After locating the line that contains "A \<omega> = card" in the data below, set down exactly that line and each one after it through the line that contains "exp (sqrt (ln", and nothing more.

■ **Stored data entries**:
Start of Block

(* For every dimension $n\geq 2$ there exists $C>0$ such that for all $\alpha>C$, $$\mathbb{P}\big(R_\alpha^{c}\big)\leq \alpha^{-2n-1}.$$
   Context: $B(\cdot)$ is a standard Brownian motion in $\mathbb{R}^n$. Independently of $B$, let $\{(x_i,y_i)\}_{i\in\mathbb{N}}$ be a Poisson point process of intensity $1$ on $[0,1]\times[0,\infty)$, and for $\alpha\geq 0$ set $\Lambda_\alpha=\{x_i: y_i\leq\alpha\}\cup\{0,1\}$. Let $\phi(\alpha)=e^{\sqrt{\log\alpha}}$. For $a<b$ define $N_\alpha[a,b]=\{\forall t\in[a,b]:\ \Lambda_\alpha\cap[t-\alpha^{-1}\phi(\alpha),t+\alpha^{-1}\phi(\alpha)]\neq\emptyset\}$, $M_\delta[a,b]=\sup\{|B(t_1)-B(t_2)|: t_1,t_2\in[a,b],\ |t_1-t_2|\leq\delta\}$, $Y_\alpha[a,b]=\{M_\delta[a,b]\leq \delta^{1/2}\phi(\alpha)+\alpha^{-2n-1}\ \text{for all } \delta\leq b-a\}$, and $R_\alpha[a,b]=N_\alpha[a,b]\cap Y_\alpha[a,b]$, $R_\alpha=R_\alpha[0,1]$. $R_\alpha^c$ denotes the complement. *)

theory Defs
  imports "HOL-Probability.Probability"
begin

definition std_brownian :: "'a measure \<Rightarrow> (real \<Rightarrow> 'a \<Rightarrow> real^'n) \<Rightarrow> bool" where
  "std_brownian M B \<longleftrightarrow>
     prob_space M \<and>
     (\<forall>t\<ge>0. B t \<in> borel_measurable M) \<and>
     (\<forall>\<omega>\<in>space M. B 0 \<omega> = 0 \<and> continuous_on {0..} (\<lambda>t. B t \<omega>)) \<and>
     (\<forall>s t. 0 \<le> s \<and> s < t \<longrightarrow>
        distr M lborel (\<lambda>\<omega>. B t \<omega> - B s \<omega>) =
        density lborel (\<lambda>x. ennreal (\<Prod>i\<in>UNIV. normal_density 0 (sqrt (t - s)) (x $ i)))) \<and>
     (\<forall>(ts::nat \<Rightarrow> real) k. 0 \<le> ts 0 \<and> (\<forall>i<k. ts i < ts (Suc i)) \<longrightarrow>
        prob_space.indep_vars M (\<lambda>_. borel) (\<lambda>i \<omega>. B (ts (Suc i)) \<omega> - B (ts i) \<omega>) {..<k})"

definition pp_count :: "(nat \<Rightarrow> 'a \<Rightarrow> real \<times> real) \<Rightarrow> (real \<times> real) set \<Rightarrow> 'a \<Rightarrow> nat" where
  "pp_count X A \<omega> = card {i. X i \<omega> \<in> A}"

text \<open>Poisson point process of intensity 1 (Lebesgue measure) on [0,1] x [0,\<infinity>),
  given by an enumeration of its points (x_i, y_i) = X i.\<close>
definition poisson_pp :: "'a measure \<Rightarrow> (nat \<Rightarrow> 'a \<Rightarrow> real \<times> real) \<Rightarrow> bool" where
  "poisson_pp M X \<longleftrightarrow>
     prob_space M \<and>
     (\<forall>i. X i \<in> borel_measurable M) \<and>
     (\<forall>i. \<forall>\<omega>\<in>space M. X i \<omega> \<in> {0..1} \<times> {0..}) \<and>
     (\<forall>A. A \<in> sets borel \<and> A \<subseteq> {0..1} \<times> {0..} \<and> emeasure lborel A < \<infinity> \<longrightarrow>
        (AE \<omega> in M. finite {i. X i \<omega> \<in> A}) \<and>
        (\<forall>k. measure M {\<omega>\<in>space M. pp_count X A \<omega> = k} =
              measure lborel A ^ k / fact k * exp (- measure lborel A))) \<and>
     (\<forall>(As :: nat \<Rightarrow> (real \<times> real) set) J. finite J \<and>
        (\<forall>j\<in>J. As j \<in> sets borel \<and> As j \<subseteq> {0..1} \<times> {0..} \<and> emeasure lborel (As j) < \<infinity>) \<and>
        disjoint_family_on As J \<longrightarrow>
        prob_space.indep_vars M (\<lambda>_. count_space UNIV) (\<lambda>j. pp_count X (As j)) J)"

definition bm_ppp :: "'a measure \<Rightarrow> (real \<Rightarrow> 'a \<Rightarrow> real^'n) \<Rightarrow> (nat \<Rightarrow> 'a \<Rightarrow> real \<times> real) \<Rightarrow> bool" where
  "bm_ppp M B X \<longleftrightarrow> std_brownian M B \<and> poisson_pp M X \<and>
     prob_space.indep_set M
       {(\<lambda>\<omega>. restrict (\<lambda>t. B t \<omega>) {0..}) -` S \<inter> space M | S.
          S \<in> sets (Pi\<^sub>M {0..} (\<lambda>_::real. (borel :: (real^'n) measure)))}
       {(\<lambda>\<omega> i. X i \<omega>) -` S \<inter> space M | S.
          S \<in> sets (Pi\<^sub>M (UNIV::nat set) (\<lambda>_. (borel :: (real \<times> real) measure)))}"

definition phi :: "real \<Rightarrow> real" where
  "phi \<alpha> = exp (sqrt (ln \<alpha>))"

definition Lambda :: "(nat \<Rightarrow> 'a \<Rightarrow> real \<times> real) \<Rightarrow> real \<Rightarrow> 'a \<Rightarrow> real set" where
  "Lambda X \<alpha> \<omega> = {fst (X i \<omega>) | i. snd (X i \<omega>) \<le> \<alpha>} \<union> {0, 1}"

definition N_ev :: "(nat \<Rightarrow> 'a \<Rightarrow> real \<times> real) \<Rightarrow> real \<Rightarrow> real \<Rightarrow> real \<Rightarrow> 'a \<Rightarrow> bool" where
  "N_ev X \<alpha> a b \<omega> \<longleftrightarrow>
     (\<forall>t\<in>{a..b}. Lambda X \<alpha> \<omega> \<inter> {t - phi \<alpha> / \<alpha> .. t + phi \<alpha> / \<alpha>} \<noteq> {})"

definition modulus :: "(real \<Rightarrow> 'a \<Rightarrow> real^'n) \<Rightarrow> real \<Rightarrow> real \<Rightarrow> real \<Rightarrow> 'a \<Rightarrow> real" where
  "modulus B \<delta> a b \<omega> =
     Sup {norm (B t1 \<omega> - B t2 \<omega>) | t1 t2. t1 \<in> {a..b} \<and> t2 \<in> {a..b} \<and> \<bar>t1 - t2\<bar> \<le> \<delta>}"

definition Y_ev :: "(real \<Rightarrow> 'a \<Rightarrow> real^'n) \<Rightarrow> real \<Rightarrow> real \<Rightarrow> real \<Rightarrow> 'a \<Rightarrow> bool" where
  "Y_ev B \<alpha> a b \<omega> \<longleftrightarrow>
     (\<forall>\<delta>. 0 < \<delta> \<and> \<delta> \<le> b - a \<longrightarrow>
        modulus B \<delta> a b \<omega> \<le> sqrt \<delta> * phi \<alpha> + \<alpha> powr (- (2 * real CARD('n) + 1)))"

definition R_ev :: "(real \<Rightarrow> 'a \<Rightarrow> real^'n) \<Rightarrow> (nat \<Rightarrow> 'a \<Rightarrow> real \<times> real) \<Rightarrow> real \<Rightarrow> real \<Rightarrow> real \<Rightarrow> 'a \<Rightarrow> bool" where
  "R_ev B X \<alpha> a b \<omega> \<longleftrightarrow> N_ev X \<alpha> a b \<omega> \<and> Y_ev B \<alpha> a b \<omega>"

end

theory Submission
  imports Defs "HOL-Real_Asymp.Real_Asymp"
begin

(* The two events are handled by separate union bounds.

   N: cut [0,1] into m ~ alpha / phi(alpha) cells. If every cell contains a Poisson point of height
   at most alpha, every t in [0,1] is within 1/m <= phi(alpha)/alpha of Lambda_alpha. A cell misses
   all such points with probability exp(-alpha/m) <= exp(-phi(alpha)/2), which beats every power
   of alpha.

   Y: a Levy-type chaining argument. Put L = (2n+2) log alpha and rho^2 = (1 + 1/L)/2. By Gaussian
   tails, the probability that some dyadic increment of B at level j exceeds 2 sqrt L rho^j is
   summable in j and at most a constant times exp(-L) = alpha^(-2n-2). Off this event, the
   oscillation of B at scale delta ~ 2^-J is at most 20 sqrt L rho^J, and since
   (2 rho^2)^J = (1 + 1/L)^J, this is at most sqrt delta phi(alpha) when J <= 3L and at most
   alpha^(-2n-1) when J > 3L. *)

section \<open>Gaussian tails of Brownian increments\<close>

lemma normal_density_mult_exp:
  fixes \<tau> y :: real
  assumes "\<tau> > 0"
  shows "normal_density 0 (sqrt \<tau>) y * exp (y\<^sup>2 / (4 * \<tau>))
       = sqrt 2 * normal_density 0 (sqrt (2 * \<tau>)) y"
proof -
  have exp: "exp (- (y\<^sup>2) / (2 * \<tau>)) * exp (y\<^sup>2 / (4 * \<tau>)) = exp (- (y\<^sup>2) / (2 * (2 * \<tau>)))"
    unfolding exp_add[symmetric] using assms by (simp add: field_simps)
  have sqrt: "sqrt (pi * (\<tau> * 4)) = sqrt 2 * sqrt (pi * (\<tau> * 2))"
    by (subst real_sqrt_mult[symmetric]) (simp add: mult_ac)
  show ?thesis
    unfolding normal_density_def using assms exp sqrt by (simp add: field_simps)
qed

lemma prod_normal_density_mult_exp:
  fixes \<tau> :: real and v :: "real^'n"
  assumes "\<tau> > 0"
  shows "(\<Prod>i\<in>UNIV. normal_density 0 (sqrt \<tau>) (v $ i)) * exp ((norm v)\<^sup>2 / (4 * \<tau>))
       = sqrt 2 ^ CARD('n) * (\<Prod>i\<in>UNIV. normal_density 0 (sqrt (2 * \<tau>)) (v $ i))"
proof -
  have "exp ((norm v)\<^sup>2 / (4 * \<tau>)) = (\<Prod>i\<in>UNIV. exp ((v $ i)\<^sup>2 / (4 * \<tau>)))"
    unfolding power2_norm_eq_inner inner_vec_def
    by (simp add: power2_eq_square sum_divide_distrib exp_sum)
  then have "(\<Prod>i\<in>UNIV. normal_density 0 (sqrt \<tau>) (v $ i)) * exp ((norm v)\<^sup>2 / (4 * \<tau>))
      = (\<Prod>i\<in>UNIV. normal_density 0 (sqrt \<tau>) (v $ i) * exp ((v $ i)\<^sup>2 / (4 * \<tau>)))"
    by (simp add: prod.distrib)
  then show ?thesis
    using normal_density_mult_exp[OF assms] by (simp add: prod.distrib)
qed

lemma prod_normal_density_le_wider:
  fixes v :: "real^'n"
  assumes "\<tau> > 0" "0 \<le> x" "x < norm v"
  shows "(\<Prod>i\<in>UNIV. normal_density 0 (sqrt \<tau>) (v $ i))
       \<le> sqrt 2 ^ CARD('n) * exp (- (x\<^sup>2) / (4 * \<tau>))
           * (\<Prod>i\<in>UNIV. normal_density 0 (sqrt (2 * \<tau>)) (v $ i))"
proof -
  let ?f = "\<Prod>i\<in>UNIV. normal_density 0 (sqrt \<tau>) (v $ i)"
  have "x\<^sup>2 \<le> (norm v)\<^sup>2"
    using assms by (simp add: power_mono)
  then have "1 \<le> exp ((norm v)\<^sup>2 / (4 * \<tau>)) * exp (- (x\<^sup>2) / (4 * \<tau>))"
    using assms(1) by (simp add: exp_add[symmetric] field_simps)
  moreover have "0 \<le> ?f"
    by (simp add: prod_nonneg)
  ultimately have "?f \<le> ?f * exp ((norm v)\<^sup>2 / (4 * \<tau>)) * exp (- (x\<^sup>2) / (4 * \<tau>))"
    by (metis mult_left_mono mult.right_neutral mult.assoc)
  also have "\<dots> = sqrt 2 ^ CARD('n) * (\<Prod>i\<in>UNIV. normal_density 0 (sqrt (2 * \<tau>)) (v $ i))
      * exp (- (x\<^sup>2) / (4 * \<tau>))"
    by (simp only: prod_normal_density_mult_exp[OF assms(1)])
  finally show ?thesis
    by (simp add: mult_ac)
qed

text \<open>Reading this off from the law of \<open>B \<tau> - B 0\<close> avoids computing an \<open>n\<close>-dimensional
  Gaussian integral.\<close>

lemma std_brownian_gaussian_integral:
  fixes B :: "real \<Rightarrow> 'a \<Rightarrow> real^'n"
  assumes bm: "std_brownian M B" and "\<tau> > 0"
  shows "(\<integral>\<^sup>+ v. ennreal (\<Prod>i\<in>UNIV. normal_density 0 (sqrt \<tau>) ((v::real^'n) $ i)) \<partial>lborel) = 1"
proof -
  interpret prob_space M
    using bm by (simp add: std_brownian_def)
  have "(\<integral>\<^sup>+ v. ennreal (\<Prod>i\<in>UNIV. normal_density 0 (sqrt \<tau>) ((v::real^'n) $ i)) \<partial>lborel)
      = emeasure (density lborel (\<lambda>v. ennreal (\<Prod>i\<in>UNIV. normal_density 0 (sqrt \<tau>) ((v::real^'n) $ i)))) UNIV"
    by (simp add: emeasure_density)
  also have "\<dots> = emeasure (distr M lborel (\<lambda>\<omega>. B \<tau> \<omega> - B 0 \<omega>)) UNIV"
    using bm assms(2) by (simp add: std_brownian_def)
  also have "\<dots> = 1"
    using bm assms(2)
    by (subst emeasure_distr) (auto simp: std_brownian_def emeasure_space_1 intro!: borel_measurable_diff)
  finally show ?thesis .
qed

End of Block

■ **RESPONSE AREA**:
  "pp_count X A \<omega> = card {i. X i \<omega> \<in> A}"

text \<open>Poisson point process of intensity 1 (Lebesgue measure) on [0,1] x [0,\<infinity>),
  given by an enumeration of its points (x_i, y_i) = X i.\<close>
definition poisson_pp :: "'a measure \<Rightarrow> (nat \<Rightarrow> 'a \<Rightarrow> real \<times> real) \<Rightarrow> bool" where
  "poisson_pp M X \<longleftrightarrow>
     prob_space M \<and>
     (\<forall>i. X i \<in> borel_measurable M) \<and>
     (\<forall>i. \<forall>\<omega>\<in>space M. X i \<omega> \<in> {0..1} \<times> {0..}) \<and>
     (\<forall>A. A \<in> sets borel \<and> A \<subseteq> {0..1} \<times> {0..} \<and> emeasure lborel A < \<infinity> \<longrightarrow>
        (AE \<omega> in M. finite {i. X i \<omega> \<in> A}) \<and>
        (\<forall>k. measure M {\<omega>\<in>space M. pp_count X A \<omega> = k} =
              measure lborel A ^ k / fact k * exp (- measure lborel A))) \<and>
     (\<forall>(As :: nat \<Rightarrow> (real \<times> real) set) J. finite J \<and>
        (\<forall>j\<in>J. As j \<in> sets borel \<and> As j \<subseteq> {0..1} \<times> {0..} \<and> emeasure lborel (As j) < \<infinity>) \<and>
        disjoint_family_on As J \<longrightarrow>
        prob_space.indep_vars M (\<lambda>_. count_space UNIV) (\<lambda>j. pp_count X (As j)) J)"

definition bm_ppp :: "'a measure \<Rightarrow> (real \<Rightarrow> 'a \<Rightarrow> real^'n) \<Rightarrow> (nat \<Rightarrow> 'a \<Rightarrow> real \<times> real) \<Rightarrow> bool" where
  "bm_ppp M B X \<longleftrightarrow> std_brownian M B \<and> poisson_pp M X \<and>
     prob_space.indep_set M
       {(\<lambda>\<omega>. restrict (\<lambda>t. B t \<omega>) {0..}) -` S \<inter> space M | S.
          S \<in> sets (Pi\<^sub>M {0..} (\<lambda>_::real. (borel :: (real^'n) measure)))}
       {(\<lambda>\<omega> i. X i \<omega>) -` S \<inter> space M | S.
          S \<in> sets (Pi\<^sub>M (UNIV::nat set) (\<lambda>_. (borel :: (real \<times> real) measure)))}"

definition phi :: "real \<Rightarrow> real" where
  "phi \<alpha> = exp (sqrt (ln \<alpha>))"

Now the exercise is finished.